WHAT TO PRODUCE: Count how many lines of the data include "first". The answer is that number and nothing else.

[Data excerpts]
○ ○ ○ ○

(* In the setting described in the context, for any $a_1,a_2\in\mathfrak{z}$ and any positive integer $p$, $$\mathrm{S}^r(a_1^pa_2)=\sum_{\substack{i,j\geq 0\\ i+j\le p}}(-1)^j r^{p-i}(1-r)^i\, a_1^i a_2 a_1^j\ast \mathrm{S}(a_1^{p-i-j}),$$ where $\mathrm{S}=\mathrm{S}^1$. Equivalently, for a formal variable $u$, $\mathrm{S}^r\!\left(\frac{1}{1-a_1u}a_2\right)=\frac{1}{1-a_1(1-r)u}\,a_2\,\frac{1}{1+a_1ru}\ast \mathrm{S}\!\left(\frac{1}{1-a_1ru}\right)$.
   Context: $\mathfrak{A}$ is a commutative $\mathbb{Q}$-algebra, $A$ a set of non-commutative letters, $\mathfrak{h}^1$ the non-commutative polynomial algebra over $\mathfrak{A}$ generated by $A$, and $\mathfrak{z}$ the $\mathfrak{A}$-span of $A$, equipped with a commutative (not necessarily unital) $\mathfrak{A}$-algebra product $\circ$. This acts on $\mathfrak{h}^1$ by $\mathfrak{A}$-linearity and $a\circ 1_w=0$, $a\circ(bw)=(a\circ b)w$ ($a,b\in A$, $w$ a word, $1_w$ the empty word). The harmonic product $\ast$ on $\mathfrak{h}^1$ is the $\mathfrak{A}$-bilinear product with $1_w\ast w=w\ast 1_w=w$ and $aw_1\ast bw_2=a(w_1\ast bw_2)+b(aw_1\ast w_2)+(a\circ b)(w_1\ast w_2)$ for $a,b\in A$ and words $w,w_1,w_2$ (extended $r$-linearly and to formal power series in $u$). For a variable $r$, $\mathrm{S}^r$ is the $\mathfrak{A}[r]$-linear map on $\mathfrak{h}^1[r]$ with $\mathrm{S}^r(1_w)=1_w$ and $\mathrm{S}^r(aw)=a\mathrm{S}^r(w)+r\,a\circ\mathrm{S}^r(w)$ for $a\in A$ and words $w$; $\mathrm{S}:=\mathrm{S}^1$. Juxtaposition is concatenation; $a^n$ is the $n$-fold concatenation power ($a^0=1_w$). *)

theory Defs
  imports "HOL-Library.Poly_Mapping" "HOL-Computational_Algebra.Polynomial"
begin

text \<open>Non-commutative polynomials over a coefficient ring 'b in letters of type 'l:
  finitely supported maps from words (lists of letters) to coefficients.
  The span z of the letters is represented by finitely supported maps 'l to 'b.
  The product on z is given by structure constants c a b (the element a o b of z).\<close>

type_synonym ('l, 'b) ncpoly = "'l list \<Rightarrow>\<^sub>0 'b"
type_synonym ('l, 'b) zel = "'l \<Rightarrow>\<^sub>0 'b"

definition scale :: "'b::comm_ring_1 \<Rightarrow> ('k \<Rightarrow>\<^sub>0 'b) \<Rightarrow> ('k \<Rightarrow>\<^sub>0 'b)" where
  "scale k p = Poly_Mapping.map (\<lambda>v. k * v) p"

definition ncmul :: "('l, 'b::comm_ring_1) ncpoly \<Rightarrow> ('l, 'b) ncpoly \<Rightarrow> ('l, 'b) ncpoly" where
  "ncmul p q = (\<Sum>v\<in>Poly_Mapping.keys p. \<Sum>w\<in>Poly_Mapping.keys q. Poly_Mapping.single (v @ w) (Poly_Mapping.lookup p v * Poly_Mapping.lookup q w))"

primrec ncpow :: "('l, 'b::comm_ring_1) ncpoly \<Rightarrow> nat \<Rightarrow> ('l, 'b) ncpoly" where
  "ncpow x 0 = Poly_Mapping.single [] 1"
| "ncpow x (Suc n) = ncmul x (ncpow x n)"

○ ○ ○ ○

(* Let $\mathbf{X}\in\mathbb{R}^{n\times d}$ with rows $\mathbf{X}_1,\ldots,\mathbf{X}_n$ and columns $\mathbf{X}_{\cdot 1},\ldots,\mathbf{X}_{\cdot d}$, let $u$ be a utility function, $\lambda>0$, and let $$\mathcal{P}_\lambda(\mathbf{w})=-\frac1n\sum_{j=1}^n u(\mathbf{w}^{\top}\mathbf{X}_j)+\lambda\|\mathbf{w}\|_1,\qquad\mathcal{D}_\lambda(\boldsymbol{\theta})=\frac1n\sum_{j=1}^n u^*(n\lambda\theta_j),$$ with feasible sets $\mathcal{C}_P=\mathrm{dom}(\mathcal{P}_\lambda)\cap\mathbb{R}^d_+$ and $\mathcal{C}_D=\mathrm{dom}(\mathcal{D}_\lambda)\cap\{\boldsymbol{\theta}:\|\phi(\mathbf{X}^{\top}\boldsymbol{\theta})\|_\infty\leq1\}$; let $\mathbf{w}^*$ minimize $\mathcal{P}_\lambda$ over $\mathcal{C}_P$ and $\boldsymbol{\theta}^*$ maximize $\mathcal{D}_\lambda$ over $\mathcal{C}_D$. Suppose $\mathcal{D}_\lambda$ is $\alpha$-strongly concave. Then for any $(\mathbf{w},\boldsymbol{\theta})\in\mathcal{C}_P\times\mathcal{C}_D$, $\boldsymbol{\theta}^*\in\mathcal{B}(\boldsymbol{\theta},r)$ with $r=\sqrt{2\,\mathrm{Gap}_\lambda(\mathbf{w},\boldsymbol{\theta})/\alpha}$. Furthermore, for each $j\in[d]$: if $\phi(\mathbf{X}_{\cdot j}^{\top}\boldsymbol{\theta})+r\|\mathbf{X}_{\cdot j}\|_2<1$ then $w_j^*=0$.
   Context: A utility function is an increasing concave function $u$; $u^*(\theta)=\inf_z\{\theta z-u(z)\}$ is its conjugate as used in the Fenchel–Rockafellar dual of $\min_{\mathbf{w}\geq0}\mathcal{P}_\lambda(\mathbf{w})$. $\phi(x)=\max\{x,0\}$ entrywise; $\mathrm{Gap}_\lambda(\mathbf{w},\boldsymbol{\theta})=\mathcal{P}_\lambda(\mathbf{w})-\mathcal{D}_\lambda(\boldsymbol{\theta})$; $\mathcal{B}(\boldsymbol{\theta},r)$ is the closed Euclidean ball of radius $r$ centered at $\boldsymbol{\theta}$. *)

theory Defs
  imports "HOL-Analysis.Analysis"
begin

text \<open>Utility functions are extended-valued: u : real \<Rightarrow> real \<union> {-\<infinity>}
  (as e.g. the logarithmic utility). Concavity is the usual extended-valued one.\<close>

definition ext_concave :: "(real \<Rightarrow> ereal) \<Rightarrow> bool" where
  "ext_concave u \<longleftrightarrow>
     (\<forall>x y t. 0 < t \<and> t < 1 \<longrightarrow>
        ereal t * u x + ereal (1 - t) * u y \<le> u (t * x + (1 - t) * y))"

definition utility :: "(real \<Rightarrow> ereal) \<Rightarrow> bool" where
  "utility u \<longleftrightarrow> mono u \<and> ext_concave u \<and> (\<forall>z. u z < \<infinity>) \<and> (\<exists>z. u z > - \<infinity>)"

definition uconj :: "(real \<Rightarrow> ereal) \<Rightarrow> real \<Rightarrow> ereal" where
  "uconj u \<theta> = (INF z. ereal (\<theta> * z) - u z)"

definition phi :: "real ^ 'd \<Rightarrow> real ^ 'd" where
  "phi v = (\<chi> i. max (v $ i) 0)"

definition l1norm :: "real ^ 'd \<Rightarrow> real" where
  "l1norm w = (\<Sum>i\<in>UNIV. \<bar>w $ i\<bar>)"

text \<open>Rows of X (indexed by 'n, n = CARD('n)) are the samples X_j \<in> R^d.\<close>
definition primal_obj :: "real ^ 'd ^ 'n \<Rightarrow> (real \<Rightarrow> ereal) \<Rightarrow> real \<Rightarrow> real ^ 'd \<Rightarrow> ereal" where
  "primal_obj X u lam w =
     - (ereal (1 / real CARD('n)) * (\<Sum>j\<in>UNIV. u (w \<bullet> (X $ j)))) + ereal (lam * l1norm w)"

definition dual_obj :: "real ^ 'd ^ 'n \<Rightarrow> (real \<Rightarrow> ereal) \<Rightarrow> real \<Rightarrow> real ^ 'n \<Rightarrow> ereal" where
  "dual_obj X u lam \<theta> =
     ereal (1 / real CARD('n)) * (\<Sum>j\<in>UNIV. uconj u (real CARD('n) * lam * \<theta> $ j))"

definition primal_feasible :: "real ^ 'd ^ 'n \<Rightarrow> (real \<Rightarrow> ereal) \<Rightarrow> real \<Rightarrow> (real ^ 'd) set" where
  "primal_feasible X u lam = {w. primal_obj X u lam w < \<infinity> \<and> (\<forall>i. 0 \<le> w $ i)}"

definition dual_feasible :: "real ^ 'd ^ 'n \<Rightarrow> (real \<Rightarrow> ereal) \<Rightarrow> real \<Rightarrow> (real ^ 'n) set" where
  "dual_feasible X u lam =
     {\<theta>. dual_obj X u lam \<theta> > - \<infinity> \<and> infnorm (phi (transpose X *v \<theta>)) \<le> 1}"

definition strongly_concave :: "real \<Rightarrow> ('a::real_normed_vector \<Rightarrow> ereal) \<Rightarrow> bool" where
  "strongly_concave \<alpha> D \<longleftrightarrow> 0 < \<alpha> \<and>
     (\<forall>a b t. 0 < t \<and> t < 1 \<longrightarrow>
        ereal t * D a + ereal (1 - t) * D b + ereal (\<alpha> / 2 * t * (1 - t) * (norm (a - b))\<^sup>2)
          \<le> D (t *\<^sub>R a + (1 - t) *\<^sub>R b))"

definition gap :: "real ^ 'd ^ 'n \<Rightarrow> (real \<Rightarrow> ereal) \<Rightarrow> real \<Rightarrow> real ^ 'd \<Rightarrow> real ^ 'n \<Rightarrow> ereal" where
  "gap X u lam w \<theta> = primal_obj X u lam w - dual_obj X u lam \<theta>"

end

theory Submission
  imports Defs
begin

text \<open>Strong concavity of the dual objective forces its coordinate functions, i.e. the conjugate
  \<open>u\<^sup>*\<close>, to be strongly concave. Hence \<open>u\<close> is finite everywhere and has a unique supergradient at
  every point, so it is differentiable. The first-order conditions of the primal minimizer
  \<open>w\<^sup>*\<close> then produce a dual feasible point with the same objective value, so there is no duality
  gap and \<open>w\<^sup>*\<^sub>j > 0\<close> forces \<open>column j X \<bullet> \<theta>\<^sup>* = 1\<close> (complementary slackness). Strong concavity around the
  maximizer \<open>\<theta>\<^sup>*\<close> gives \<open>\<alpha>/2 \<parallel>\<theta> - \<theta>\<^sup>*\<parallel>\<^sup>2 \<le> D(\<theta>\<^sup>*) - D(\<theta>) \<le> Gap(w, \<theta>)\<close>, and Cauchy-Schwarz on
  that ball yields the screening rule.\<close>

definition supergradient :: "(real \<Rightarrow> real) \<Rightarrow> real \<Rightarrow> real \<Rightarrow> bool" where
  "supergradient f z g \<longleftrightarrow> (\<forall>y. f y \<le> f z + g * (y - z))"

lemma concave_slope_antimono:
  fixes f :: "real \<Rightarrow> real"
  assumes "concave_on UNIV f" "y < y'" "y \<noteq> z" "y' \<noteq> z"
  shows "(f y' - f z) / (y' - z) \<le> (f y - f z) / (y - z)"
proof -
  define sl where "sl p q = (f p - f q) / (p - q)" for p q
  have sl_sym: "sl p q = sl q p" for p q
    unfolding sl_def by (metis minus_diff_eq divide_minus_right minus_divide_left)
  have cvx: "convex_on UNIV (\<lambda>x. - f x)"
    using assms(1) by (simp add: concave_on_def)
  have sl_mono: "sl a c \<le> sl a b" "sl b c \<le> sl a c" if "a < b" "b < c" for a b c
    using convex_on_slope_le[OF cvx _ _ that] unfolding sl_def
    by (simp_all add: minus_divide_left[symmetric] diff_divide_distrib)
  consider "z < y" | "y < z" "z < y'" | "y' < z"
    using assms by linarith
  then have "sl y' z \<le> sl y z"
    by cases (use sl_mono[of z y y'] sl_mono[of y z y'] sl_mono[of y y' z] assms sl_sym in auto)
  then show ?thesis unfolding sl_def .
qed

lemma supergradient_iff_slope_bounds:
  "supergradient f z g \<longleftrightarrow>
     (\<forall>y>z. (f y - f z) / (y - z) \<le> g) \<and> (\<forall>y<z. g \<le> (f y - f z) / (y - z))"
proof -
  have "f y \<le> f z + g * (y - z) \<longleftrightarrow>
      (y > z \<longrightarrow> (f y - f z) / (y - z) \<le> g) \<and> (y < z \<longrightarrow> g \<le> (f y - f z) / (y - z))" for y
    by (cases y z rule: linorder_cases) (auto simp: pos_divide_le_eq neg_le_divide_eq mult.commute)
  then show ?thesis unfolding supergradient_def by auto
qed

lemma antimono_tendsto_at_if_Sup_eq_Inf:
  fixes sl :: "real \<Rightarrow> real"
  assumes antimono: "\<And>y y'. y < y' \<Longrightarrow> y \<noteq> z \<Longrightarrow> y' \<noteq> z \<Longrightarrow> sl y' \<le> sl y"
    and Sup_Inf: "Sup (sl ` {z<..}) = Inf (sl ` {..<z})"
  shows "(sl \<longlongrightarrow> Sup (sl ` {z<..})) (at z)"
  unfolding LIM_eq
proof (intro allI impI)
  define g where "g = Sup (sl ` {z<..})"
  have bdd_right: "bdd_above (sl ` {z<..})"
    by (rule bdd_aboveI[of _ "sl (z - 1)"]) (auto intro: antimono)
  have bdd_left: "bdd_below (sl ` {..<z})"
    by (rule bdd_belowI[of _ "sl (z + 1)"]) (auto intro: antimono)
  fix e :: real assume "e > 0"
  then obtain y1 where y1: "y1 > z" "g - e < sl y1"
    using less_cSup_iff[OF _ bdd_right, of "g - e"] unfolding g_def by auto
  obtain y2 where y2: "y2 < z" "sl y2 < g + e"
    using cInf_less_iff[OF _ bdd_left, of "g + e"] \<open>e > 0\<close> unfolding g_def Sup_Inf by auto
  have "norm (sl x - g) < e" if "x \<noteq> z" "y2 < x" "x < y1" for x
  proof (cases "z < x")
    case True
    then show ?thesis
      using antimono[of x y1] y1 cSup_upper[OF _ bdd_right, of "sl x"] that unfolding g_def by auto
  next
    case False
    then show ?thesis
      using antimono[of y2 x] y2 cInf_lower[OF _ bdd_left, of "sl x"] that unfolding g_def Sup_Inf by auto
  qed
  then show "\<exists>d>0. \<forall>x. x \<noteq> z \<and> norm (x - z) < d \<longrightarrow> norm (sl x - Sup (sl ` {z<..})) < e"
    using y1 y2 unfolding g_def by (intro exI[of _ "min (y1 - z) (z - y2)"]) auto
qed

○ ○ ○ ○

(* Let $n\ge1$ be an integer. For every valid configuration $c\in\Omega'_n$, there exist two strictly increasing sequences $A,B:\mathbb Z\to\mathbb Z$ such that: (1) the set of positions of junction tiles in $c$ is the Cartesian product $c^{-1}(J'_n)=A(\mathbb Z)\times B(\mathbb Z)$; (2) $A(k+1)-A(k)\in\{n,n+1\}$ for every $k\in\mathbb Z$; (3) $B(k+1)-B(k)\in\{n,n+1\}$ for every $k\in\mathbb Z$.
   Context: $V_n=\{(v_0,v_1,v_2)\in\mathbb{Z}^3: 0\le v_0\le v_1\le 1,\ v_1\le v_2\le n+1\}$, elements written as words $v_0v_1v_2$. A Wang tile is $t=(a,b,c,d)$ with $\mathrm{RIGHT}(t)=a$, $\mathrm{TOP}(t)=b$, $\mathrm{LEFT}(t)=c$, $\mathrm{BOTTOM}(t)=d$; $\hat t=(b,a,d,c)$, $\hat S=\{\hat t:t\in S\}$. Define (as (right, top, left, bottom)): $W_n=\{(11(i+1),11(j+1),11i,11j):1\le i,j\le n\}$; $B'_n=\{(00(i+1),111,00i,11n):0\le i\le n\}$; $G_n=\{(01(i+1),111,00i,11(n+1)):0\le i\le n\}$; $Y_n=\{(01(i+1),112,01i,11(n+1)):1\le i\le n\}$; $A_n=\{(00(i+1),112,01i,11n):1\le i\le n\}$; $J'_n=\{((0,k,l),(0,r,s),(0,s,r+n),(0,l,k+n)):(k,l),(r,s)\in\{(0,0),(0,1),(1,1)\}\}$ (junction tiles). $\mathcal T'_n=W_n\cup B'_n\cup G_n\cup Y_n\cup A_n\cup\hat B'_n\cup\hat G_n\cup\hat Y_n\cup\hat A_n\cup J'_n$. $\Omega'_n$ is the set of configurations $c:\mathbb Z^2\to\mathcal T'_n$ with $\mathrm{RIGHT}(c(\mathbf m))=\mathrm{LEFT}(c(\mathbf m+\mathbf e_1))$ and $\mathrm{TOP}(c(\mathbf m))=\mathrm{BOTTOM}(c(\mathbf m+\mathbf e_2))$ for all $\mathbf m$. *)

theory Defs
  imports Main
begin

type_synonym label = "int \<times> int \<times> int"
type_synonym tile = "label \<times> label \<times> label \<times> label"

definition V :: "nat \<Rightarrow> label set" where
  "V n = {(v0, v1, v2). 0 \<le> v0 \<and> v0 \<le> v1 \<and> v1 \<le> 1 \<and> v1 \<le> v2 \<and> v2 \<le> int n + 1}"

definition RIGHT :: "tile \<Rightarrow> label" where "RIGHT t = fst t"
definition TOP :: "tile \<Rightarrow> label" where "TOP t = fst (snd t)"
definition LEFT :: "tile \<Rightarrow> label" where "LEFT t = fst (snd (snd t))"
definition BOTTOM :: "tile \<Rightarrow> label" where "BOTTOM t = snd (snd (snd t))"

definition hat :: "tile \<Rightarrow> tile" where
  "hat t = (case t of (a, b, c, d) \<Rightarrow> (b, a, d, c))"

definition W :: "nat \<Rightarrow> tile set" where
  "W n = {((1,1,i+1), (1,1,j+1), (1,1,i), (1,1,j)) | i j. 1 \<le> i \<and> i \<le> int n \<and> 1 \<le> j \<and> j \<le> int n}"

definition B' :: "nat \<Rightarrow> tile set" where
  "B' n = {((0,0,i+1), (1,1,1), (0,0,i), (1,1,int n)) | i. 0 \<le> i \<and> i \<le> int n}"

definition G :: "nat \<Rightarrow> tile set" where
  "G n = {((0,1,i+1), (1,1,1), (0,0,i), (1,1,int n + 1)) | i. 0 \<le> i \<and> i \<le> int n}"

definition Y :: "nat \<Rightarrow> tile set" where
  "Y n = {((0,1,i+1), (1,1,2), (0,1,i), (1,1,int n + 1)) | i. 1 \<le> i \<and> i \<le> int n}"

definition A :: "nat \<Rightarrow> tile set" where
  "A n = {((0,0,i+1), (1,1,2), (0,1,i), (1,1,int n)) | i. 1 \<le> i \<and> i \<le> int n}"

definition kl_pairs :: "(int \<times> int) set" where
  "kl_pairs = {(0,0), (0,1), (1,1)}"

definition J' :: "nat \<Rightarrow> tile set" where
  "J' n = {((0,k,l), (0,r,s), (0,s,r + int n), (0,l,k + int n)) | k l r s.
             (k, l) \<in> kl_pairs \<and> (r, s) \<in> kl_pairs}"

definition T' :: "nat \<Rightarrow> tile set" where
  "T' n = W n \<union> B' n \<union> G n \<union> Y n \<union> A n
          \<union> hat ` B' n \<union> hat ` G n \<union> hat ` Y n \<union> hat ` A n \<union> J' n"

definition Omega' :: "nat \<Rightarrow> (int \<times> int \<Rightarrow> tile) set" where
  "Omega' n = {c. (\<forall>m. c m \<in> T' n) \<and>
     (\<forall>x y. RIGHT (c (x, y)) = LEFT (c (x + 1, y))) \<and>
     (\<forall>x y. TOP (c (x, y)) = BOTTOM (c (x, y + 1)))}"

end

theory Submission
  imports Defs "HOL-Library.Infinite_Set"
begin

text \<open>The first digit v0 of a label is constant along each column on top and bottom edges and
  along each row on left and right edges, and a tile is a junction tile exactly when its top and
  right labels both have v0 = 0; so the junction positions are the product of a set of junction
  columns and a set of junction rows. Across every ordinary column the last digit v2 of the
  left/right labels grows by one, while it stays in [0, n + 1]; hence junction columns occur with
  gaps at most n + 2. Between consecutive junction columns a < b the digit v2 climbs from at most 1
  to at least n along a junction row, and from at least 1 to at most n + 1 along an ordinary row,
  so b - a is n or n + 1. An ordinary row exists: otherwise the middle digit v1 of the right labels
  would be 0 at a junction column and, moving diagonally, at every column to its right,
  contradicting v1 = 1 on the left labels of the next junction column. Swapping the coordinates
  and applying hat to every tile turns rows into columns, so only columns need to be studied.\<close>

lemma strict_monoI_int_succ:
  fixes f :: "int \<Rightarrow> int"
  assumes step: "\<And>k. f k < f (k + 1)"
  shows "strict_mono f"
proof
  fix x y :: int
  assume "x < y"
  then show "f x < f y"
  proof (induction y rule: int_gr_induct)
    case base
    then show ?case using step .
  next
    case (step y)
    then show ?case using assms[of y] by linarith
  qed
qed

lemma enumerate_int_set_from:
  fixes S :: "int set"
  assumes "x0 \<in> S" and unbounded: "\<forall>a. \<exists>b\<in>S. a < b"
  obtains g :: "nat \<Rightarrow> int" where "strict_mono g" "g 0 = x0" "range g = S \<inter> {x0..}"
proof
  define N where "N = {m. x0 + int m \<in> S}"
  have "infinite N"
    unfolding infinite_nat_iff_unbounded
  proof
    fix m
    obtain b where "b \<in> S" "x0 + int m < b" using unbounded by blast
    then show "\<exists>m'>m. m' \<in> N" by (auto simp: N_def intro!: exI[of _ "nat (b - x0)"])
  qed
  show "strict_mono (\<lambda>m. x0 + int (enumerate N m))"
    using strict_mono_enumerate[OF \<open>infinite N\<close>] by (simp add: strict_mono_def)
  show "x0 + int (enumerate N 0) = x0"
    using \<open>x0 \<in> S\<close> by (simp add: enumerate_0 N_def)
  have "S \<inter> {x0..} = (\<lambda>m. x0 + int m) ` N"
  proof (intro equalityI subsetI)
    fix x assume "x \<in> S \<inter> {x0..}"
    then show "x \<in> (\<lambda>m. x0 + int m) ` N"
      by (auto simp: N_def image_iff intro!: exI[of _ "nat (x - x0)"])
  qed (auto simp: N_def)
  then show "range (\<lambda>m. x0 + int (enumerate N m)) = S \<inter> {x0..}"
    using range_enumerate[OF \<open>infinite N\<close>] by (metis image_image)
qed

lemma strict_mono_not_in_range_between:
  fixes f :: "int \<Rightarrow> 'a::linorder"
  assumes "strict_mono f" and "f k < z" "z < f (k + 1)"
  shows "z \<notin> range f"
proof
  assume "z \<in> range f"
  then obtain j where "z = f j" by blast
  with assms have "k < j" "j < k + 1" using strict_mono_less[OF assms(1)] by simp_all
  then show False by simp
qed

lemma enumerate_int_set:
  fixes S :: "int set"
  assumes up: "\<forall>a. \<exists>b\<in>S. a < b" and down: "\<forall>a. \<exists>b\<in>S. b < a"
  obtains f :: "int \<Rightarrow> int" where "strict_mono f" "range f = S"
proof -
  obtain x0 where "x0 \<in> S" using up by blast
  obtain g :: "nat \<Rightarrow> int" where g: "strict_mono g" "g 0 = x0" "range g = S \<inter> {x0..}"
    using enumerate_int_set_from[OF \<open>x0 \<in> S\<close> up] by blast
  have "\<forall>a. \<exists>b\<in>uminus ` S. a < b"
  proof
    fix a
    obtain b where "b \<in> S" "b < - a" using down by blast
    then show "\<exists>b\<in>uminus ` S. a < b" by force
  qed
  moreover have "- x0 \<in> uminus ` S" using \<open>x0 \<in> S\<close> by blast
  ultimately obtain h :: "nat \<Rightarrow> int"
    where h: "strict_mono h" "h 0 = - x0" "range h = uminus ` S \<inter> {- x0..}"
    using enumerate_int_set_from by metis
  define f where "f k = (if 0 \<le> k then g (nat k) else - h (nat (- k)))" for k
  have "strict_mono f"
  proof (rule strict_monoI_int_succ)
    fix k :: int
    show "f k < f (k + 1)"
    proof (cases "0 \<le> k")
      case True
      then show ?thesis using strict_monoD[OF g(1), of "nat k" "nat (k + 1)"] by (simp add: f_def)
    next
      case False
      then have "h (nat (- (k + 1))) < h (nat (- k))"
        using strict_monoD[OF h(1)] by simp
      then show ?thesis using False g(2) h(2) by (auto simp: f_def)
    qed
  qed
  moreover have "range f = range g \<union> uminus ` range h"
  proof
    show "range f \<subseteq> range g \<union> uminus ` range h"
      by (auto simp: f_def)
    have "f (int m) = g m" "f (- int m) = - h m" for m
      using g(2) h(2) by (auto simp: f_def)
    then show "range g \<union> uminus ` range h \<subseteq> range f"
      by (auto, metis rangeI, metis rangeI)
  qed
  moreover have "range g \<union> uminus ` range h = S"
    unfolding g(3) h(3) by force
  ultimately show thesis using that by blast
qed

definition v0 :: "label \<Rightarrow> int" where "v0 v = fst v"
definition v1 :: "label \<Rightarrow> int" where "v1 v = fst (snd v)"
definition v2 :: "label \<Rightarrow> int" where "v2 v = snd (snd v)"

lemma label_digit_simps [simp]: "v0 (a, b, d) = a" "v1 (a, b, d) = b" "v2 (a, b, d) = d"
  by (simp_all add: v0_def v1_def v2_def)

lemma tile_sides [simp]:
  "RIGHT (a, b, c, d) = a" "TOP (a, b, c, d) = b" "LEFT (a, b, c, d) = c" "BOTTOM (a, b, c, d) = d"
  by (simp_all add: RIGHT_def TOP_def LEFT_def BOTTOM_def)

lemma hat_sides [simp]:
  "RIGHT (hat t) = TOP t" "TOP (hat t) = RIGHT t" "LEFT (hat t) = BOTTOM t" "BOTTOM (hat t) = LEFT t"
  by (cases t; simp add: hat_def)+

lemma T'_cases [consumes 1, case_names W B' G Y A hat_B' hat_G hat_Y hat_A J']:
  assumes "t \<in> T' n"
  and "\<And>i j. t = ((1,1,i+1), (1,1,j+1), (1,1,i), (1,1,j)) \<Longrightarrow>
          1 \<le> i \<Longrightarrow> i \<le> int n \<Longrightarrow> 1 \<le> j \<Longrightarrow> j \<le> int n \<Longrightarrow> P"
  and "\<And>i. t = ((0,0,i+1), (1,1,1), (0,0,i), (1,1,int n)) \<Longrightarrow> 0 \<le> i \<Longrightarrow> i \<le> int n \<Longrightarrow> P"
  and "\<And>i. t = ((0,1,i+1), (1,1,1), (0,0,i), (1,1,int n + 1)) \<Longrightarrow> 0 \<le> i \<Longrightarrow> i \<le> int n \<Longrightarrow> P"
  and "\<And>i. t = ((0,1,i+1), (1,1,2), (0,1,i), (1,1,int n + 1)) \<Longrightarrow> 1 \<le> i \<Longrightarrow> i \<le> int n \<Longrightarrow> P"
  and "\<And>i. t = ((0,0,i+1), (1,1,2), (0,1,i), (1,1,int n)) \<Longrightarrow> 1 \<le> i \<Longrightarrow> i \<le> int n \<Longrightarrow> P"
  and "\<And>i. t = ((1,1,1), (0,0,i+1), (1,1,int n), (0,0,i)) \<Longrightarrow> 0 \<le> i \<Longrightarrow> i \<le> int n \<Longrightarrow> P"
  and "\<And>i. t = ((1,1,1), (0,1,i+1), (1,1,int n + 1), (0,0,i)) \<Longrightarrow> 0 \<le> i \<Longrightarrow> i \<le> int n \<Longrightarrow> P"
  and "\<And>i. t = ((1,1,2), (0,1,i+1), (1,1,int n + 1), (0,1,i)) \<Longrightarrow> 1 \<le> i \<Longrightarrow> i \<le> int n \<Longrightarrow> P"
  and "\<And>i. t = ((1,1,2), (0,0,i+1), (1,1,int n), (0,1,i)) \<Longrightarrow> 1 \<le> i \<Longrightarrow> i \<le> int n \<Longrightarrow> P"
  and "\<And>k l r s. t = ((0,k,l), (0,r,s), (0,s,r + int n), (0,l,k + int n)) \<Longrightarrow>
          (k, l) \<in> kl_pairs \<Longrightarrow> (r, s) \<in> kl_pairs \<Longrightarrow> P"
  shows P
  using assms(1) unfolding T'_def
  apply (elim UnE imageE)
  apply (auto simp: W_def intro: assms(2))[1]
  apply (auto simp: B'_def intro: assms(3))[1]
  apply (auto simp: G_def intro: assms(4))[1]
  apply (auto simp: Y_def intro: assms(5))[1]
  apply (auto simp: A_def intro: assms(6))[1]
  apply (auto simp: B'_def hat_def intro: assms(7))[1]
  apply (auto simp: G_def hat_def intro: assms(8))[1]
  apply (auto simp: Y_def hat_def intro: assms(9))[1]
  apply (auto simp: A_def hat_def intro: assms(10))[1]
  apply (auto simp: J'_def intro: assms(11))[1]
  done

○ ○ ○ ○

SOLVED EXERCISE: 2